(Records contained in a dataset)
____________

theorem theorem5p5:
  fixes f :: "(real, 'n::{finite,linorder}) vec \<Rightarrow> real"
    and Df :: "(real, 'n) vec \<Rightarrow> (real, 'n) vec"
    and Hf :: "(real, 'n) vec \<Rightarrow> ((real, 'n) vec, 'n) vec"
    and L :: real
    and x :: "(real, 'n) vec" and \<Delta> \<beta> :: real and p :: nat
    and y :: "nat \<Rightarrow> (real, 'n) vec"
    and c :: real and g :: "(real, 'n) vec" and H :: "((real, 'n) vec, 'n) vec"
  assumes bdd_below: "\<exists>b. \<forall>z. b \<le> f z"
    and grad: "\<And>z. (f has_derivative (\<lambda>h. Df z \<bullet> h)) (at z)"
    and hess: "\<And>z. (Df has_derivative (\<lambda>h. Hf z *v h)) (at z)"
    and hess_cont: "continuous_on UNIV Hf"
    and hess_lip: "\<And>u v. opnorm (Hf u - Hf v) \<le> L * norm (u - v)"
    and Delta_pos: "\<Delta> > 0"
    and p_def: "p = (CARD('n) + 1) * (CARD('n) + 2) div 2"
    and beta_pos: "\<beta> > 0"
    and y_close: "\<And>i. i < p \<Longrightarrow> norm (y i - x) \<le> \<beta> * \<Delta>"
    and Q_inv: "invertible_mat_p p (\<lambda>i k. phi ((1 / \<Delta>) *\<^sub>R (y i - x)) ! k)"
    and H_sym: "transpose H = H"
    and interp: "\<And>i. i < p \<Longrightarrow>
        (\<Sum>k<p. phi ((1 / \<Delta>) *\<^sub>R (y i - x)) ! k *
           (([c] @ map (\<lambda>j. \<Delta> * g $ j) coords @ map (\<lambda>h. \<Delta>\<^sup>2 * h) (upper H)) ! k))
        = f (y i)"
  shows "let m = (\<lambda>z. c + g \<bullet> (z - x) + (1/2) * ((z - x) \<bullet> (H *v (z - x))));
             A = L * (real CARD('n) + sqrt (real CARD('n)) + 3/2) * \<beta> ^ 3
                   * norm_inf_p p (inv_mat_p p (\<lambda>i k. phi ((1 / \<Delta>) *\<^sub>R (y i - x)) ! k));
             kmf = A / 6 + L / 6;
             kmg = 17 / 3 * A + L / 2;
             kmh = 4 * A + L
         in \<forall>z \<in> cball x \<Delta>.
              \<bar>m z - f z\<bar> \<le> kmf * \<Delta> ^ 3 \<and>
              norm ((g + H *v (z - x)) - Df z) \<le> kmg * \<Delta> ^ 2 \<and>
              opnorm (H - Hf z) \<le> kmh * \<Delta>"
proof -
  have lh: "lipschitz_hessian f Df Hf L"
    using grad hess hess_lip by unfold_locales
  define \<kappa> where "\<kappa> = (CARD('n) + sqrt CARD('n) + 3/2)
    * (norm_inf_p p (inv_mat_p p (\<lambda>i k. phi ((1 / \<Delta>) *\<^sub>R (y i - x)) ! k)) * L * \<beta> ^ 3 / 6)"
  have "(\<Sum>k<p. phi ((1 / \<Delta>) *\<^sub>R (y i - x)) ! k * quad_coeffs \<Delta> c g H ! k) = f (y i)" if "i < p" for i
    using interp[OF that] by (simp add: quad_coeffs_def)
  then have bounds:
    "\<bar>c + g \<bullet> (z - x) + 1/2 * ((z - x) \<bullet> (H *v (z - x))) - f z\<bar> \<le> (\<kappa> + L / 6) * \<Delta> ^ 3"
    "norm (g + H *v (z - x) - Df z) \<le> (\<kappa> + L / 2) * \<Delta>\<^sup>2"
    "opnorm (H - Hf z) \<le> (\<kappa> + L) * \<Delta>"
    if "z \<in> cball x \<Delta>" for z
    using interpolation_model_error[where y = y and c = c and g = g and z = z,
        OF lh Delta_pos H_sym p_def Q_inv y_close, folded \<kappa>_def] that
    by simp_all
  have "0 \<le> \<kappa>"
    unfolding \<kappa>_def using lipschitz_hessian.lipschitz_const_nonneg[OF lh] beta_pos norm_inf_p_nonneg[of p]
    by (simp add: p_def)
  have A_eq: "L * (CARD('n) + sqrt CARD('n) + 3/2) * \<beta> ^ 3
      * norm_inf_p p (inv_mat_p p (\<lambda>i k. phi ((1 / \<Delta>) *\<^sub>R (y i - x)) ! k)) = 6 * \<kappa>"
    by (simp add: \<kappa>_def)
  show ?thesis
    unfolding Let_def A_eq
  proof (intro ballI conjI)
    fix z assume "z \<in> cball x \<Delta>"
    then show "\<bar>c + g \<bullet> (z - x) + 1/2 * ((z - x) \<bullet> (H *v (z - x))) - f z\<bar> \<le> (6 * \<kappa> / 6 + L / 6) * \<Delta> ^ 3"
      using bounds(1) by simp
    show "norm (g + H *v (z - x) - Df z) \<le> (17 / 3 * (6 * \<kappa>) + L / 2) * \<Delta>\<^sup>2"
      using bounds(2)[OF \<open>z \<in> cball x \<Delta>\<close>] by (rule order_trans)
        (use \<open>0 \<le> \<kappa>\<close> in \<open>intro mult_right_mono, simp_all\<close>)
    show "opnorm (H - Hf z) \<le> (4 * (6 * \<kappa>) + L) * \<Delta>"
      using bounds(3)[OF \<open>z \<in> cball x \<Delta>\<close>] by (rule order_trans)
        (use \<open>0 \<le> \<kappa>\<close> Delta_pos in \<open>intro mult_right_mono, simp_all\<close>)
  qed
qed

end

____________

Retype the entries above exactly, but only from the line containing "by simp_all" through the line containing "fix z assume", both included.

    by simp_all
  have "0 \<le> \<kappa>"
    unfolding \<kappa>_def using lipschitz_hessian.lipschitz_const_nonneg[OF lh] beta_pos norm_inf_p_nonneg[of p]
    by (simp add: p_def)
  have A_eq: "L * (CARD('n) + sqrt CARD('n) + 3/2) * \<beta> ^ 3
      * norm_inf_p p (inv_mat_p p (\<lambda>i k. phi ((1 / \<Delta>) *\<^sub>R (y i - x)) ! k)) = 6 * \<kappa>"
    by (simp add: \<kappa>_def)
  show ?thesis
    unfolding Let_def A_eq
  proof (intro ballI conjI)
    fix z assume "z \<in> cball x \<Delta>"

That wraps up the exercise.